Another View From the March
By Noah Michelson
The cast of Hair had their bus leave the night before, right after their 16th performance in 14 consecutive days. All 34 of Hair's cast members (both gay and straight) signed up for the ride, a four hour drive from Broadway to the stage of national politics.
"We cracked open a couple of bottles of champagne, got out the sandwiches and booze and made a party of it," said Caissie Levy, who plays Sheila, Creel's love interest in the show. "It was joyful."
The next morning they joined tens of thousands of other gay men and women for the largest gay rally in Washington in a decade. They marched from the White House to the Capitol, demanding equality, shouting, "We're out, we're proud, we won't back down!" and "Yes, we can!"
"It's absolutely inspiring," said Allison Case, also a cast member. Case, who is straight, says being at the rally has not only made her a better human being, but also a better actress. "When we started the show we did a lot of research on Vietnam. We watched the documentary and looked at photographs, but to be a part of this movement gives you an idea of what it was all about. It looked exactly like this," she said pointing to the sea of people.
The National Equality March came a day after President Barack Obama spoke at a dinner by the Human Rights Campaign, the nation's largest gay group. Obama assured the crowd he would follow up on his promise to repeal the "don't ask, don't tell" policy and "the so-called Defense of Marriage Act." But many in the gay community are beginning to show signs of frustration over the "when" part. Some feel the administration is using two wars and a bad economy as an excuse for stonewalling.
"We remember eight years of peace and prosperity under another Democrat, a man named Bill Clinton, who went to our parties, who took our checks, who wrote flowery proclamations, who gave some of us some great jobs, and what did we get out of that? We got "don't ask, don't tell" and the Defense of Marriage Act," Cleve Jones, the organizer of the march, told the crowd on the Capitol lawn.
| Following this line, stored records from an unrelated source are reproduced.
lemma exists_level_less: assumes p: "p \<ge> 2" and e: "(\<epsilon>::real) > 0" shows "\<exists>L\<ge>m. real p powi (1 - L) < \<epsilon>"
proof -
  obtain k where k: "real p powi k < \<epsilon>" using exists_power_int_less[OF p e] by blast
  define L where "L = max m (1 - k)"
  have "real p powi (1 - L) \<le> real p powi k" using p unfolding L_def by (intro power_int_increasing) auto
  then show ?thesis using k unfolding L_def by (intro exI[of _ "max m (1 - k)"]) auto
qed

lemma MCauchy_residues_eventually_constant:
  assumes p: "p \<ge> 2" and C: "Metric_space.MCauchy (Qp p) (pdist p) \<sigma>"
  shows "\<exists>N. \<forall>n\<ge>N. \<sigma> n k = \<sigma> N k"
proof -
  interpret MQ: Metric_space "Qp p" "pdist p" by (rule Metric_space_Qp[OF p])
  have rng: "\<And>n. \<sigma> n \<in> Qp p" using C unfolding MQ.MCauchy_def by auto
  have "real p powi (1 - k) > 0" using p by simp
  then obtain N where N: "\<And>n n'. N \<le> n \<Longrightarrow> N \<le> n' \<Longrightarrow> pdist p (\<sigma> n) (\<sigma> n') < real p powi (1 - k)"
    using C unfolding MQ.MCauchy_def by meson
  then have "\<forall>n\<ge>N. \<sigma> n k = \<sigma> N k" using pdist_less_iff[OF p rng rng] by blast
  then show ?thesis by blast
qed

lemma eventual_residues_in_Qp:
  fixes \<sigma> :: "nat \<Rightarrow> int \<Rightarrow> rat" and N :: "int \<Rightarrow> nat"
  assumes p: "p \<ge> 2" and rng: "\<And>n. \<sigma> n \<in> Qp p" and N: "\<And>n k. N k \<le> n \<Longrightarrow> \<sigma> n k = y k"
  shows "y \<in> Qp p"
proof (rule QpI)
  fix k
  have "\<sigma> (N k) k = y k" by (rule N) simp
  then show "0 \<le> y k" "y k < ppow p k" using QpD(1,2)[OF rng[of "N k"], of k] by simp_all
  have "pcong p k (\<sigma> (max (N k) (N (k+1))) (k+1)) (\<sigma> (max (N k) (N (k+1))) k)" by (rule QpD(3)[OF rng])
  then show "pcong p k (y (k + 1)) (y k)" using N by simp
next
  obtain K0 where K0: "pcong p K0 (y 0) 0"
    using Qp_residue_in_Zinv[OF p rng, of "N 0" 0] N[of 0 "N 0"] unfolding in_Zinv_def by auto
  have "y k = 0" if k: "k \<le> min K0 0" for k
  proof -
    define n where "n = max (N k) (N 0)"
    have "y k = pmod p k (y 0)" using Qp_residue_eq_pmod[OF p rng[of n], of k 0] k N unfolding n_def by simp
    moreover have "pcong p k (y 0) 0" using pcong_mono[OF p _ K0, of k] k by simp
    ultimately show "y k = 0" using pmod_eq_iff_pcong[OF p, of 0 k "y 0"] ppow_pos[OF p] by simp
  qed
  then show "\<exists>K. \<forall>k\<le>K. y k = 0" by blast
qed

lemma mcomplete_Qp: assumes p: "p \<ge> 2" shows "Metric_space.mcomplete (Qp p) (pdist p)"
proof -
  interpret MQ: Metric_space "Qp p" "pdist p" by (rule Metric_space_Qp[OF p])
  show ?thesis unfolding MQ.mcomplete_def
  proof (intro allI impI)
    fix \<sigma> assume C: "MQ.MCauchy \<sigma>"
    then have rng: "\<And>n. \<sigma> n \<in> Qp p" unfolding MQ.MCauchy_def by auto
    obtain N where "\<forall>k. \<forall>n\<ge>N k. \<sigma> n k = \<sigma> (N k) k"
      using MCauchy_residues_eventually_constant[OF p C] by metis
    then have N: "\<And>n k. N k \<le> n \<Longrightarrow> \<sigma> n k = \<sigma> (N k) k" by blast
    define y where "y k = \<sigma> (N k) k" for k
    have yQ: "y \<in> Qp p"
      by (rule eventual_residues_in_Qp[OF p rng, where N = N]) (unfold y_def, rule N)
    have "limitin MQ.mtopology \<sigma> y sequentially"
      unfolding MQ.limit_metric_sequentially
    proof (intro conjI yQ allI impI)
      fix \<epsilon> :: real assume "\<epsilon> > 0"
      then obtain k where k: "real p powi (1 - k) < \<epsilon>" using exists_level_less[OF p, of \<epsilon> 0] by blast
      have "pdist p (\<sigma> n) y < \<epsilon>" if "N k \<le> n" for n
        using pdist_less_iff[OF p rng yQ, of n k] N[OF that] k unfolding y_def by simp
      then show "\<exists>M. \<forall>n\<ge>M. \<sigma> n \<in> Qp p \<and> pdist p (\<sigma> n) y < \<epsilon>" using rng by blast
    qed
    then show "\<exists>x. limitin MQ.mtopology \<sigma> x sequentially" by blast
  qed
qed

lemma mtotally_bounded_cyl: assumes p: "p \<ge> 2" shows "Metric_space.mtotally_bounded (Qp p) (pdist p) (cyl p m s)"
proof -
  interpret MQ: Metric_space "Qp p" "pdist p" by (rule Metric_space_Qp[OF p])
  show ?thesis unfolding MQ.mtotally_bounded_def
  proof (intro allI impI)
    fix \<epsilon> :: real assume "\<epsilon> > 0"
    then obtain L where L: "real p powi (1 - L) < \<epsilon>" using exists_level_less[OF p, of \<epsilon> 0] by blast
    define S where "S = cyl p m s"
    define R where "R = (\<lambda>y. y L) ` S"
    define rep where "rep r = (SOME y. y \<in> S \<and> y L = r)" for r
    have finR: "finite R" unfolding R_def S_def using finite_cyl_residues[OF p] .
    have rep: "rep r \<in> S \<and> rep r L = r" if "r \<in> R" for r
    proof -
      have "\<exists>y. y \<in> S \<and> y L = r" using that unfolding R_def by auto
      then show ?thesis unfolding rep_def by (rule someI_ex)
    qed
    have SQ: "S \<subseteq> Qp p" unfolding S_def cyl_def by auto
    have "S \<subseteq> (\<Union>x\<in>rep ` R. MQ.mball x \<epsilon>)"
    proof
      fix z assume z: "z \<in> S"
      then have zR: "z L \<in> R" unfolding R_def by auto
      have w: "rep (z L) \<in> S" "rep (z L) L = z L" using rep[OF zR] by auto
      then have "pdist p (rep (z L)) z < real p powi (1 - L)" using pdist_less_iff[OF p, of "rep (z L)" z L] SQ z by auto
      then have "z \<in> MQ.mball (rep (z L)) \<epsilon>" using L w SQ z by auto
      then show "z \<in> (\<Union>x\<in>rep ` R. MQ.mball x \<epsilon>)" using zR by blast
    qed
    moreover have "rep ` R \<subseteq> S" using rep by auto
    ultimately show "\<exists>K. finite K \<and> K \<subseteq> cyl p m s \<and> cyl p m s \<subseteq> (\<Union>x\<in>K. MQ.mball x \<epsilon>)"
      using finR unfolding S_def by (intro exI[of _ "rep ` R"]) auto
  qed
qed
There are no official crowd estimates, but Jones believes the number to be around 200,000 people. He said he never doubted that if he tweeted, they would come. It's perhaps one of the reasons so many young people showed up at the rally. That and the fact that Twitter is free. The total operating budget for the rally was 200,000 dollars, a laughable sum for a national event. "This was a grassroots effort lead by youth," Jones said. "It's their time."
For Creel there was an added personal side. His mother Nancy and father Jim, who still struggle with their son's sexuality, came all the way from North Carolina to march with him.
"I never made that phone call before," said Creel, almost apologetically. "But I told them, I really want them to be here." As he says those last words his voice cracks, then he catches himself. "But I think they're OK. I left them for an hour and when I came back they were smiling."
His father Jim, a retired businessman, says the march was a life-changing experience. "My wife and I realized that when the topic (of gay marriage) comes up, you can't just sit there, you have to do something." Then he says one more thing that gets his son choked up. "I'm so proud. I can't tell you how many people have come up to us and thanked us and gave us credit for what he's done."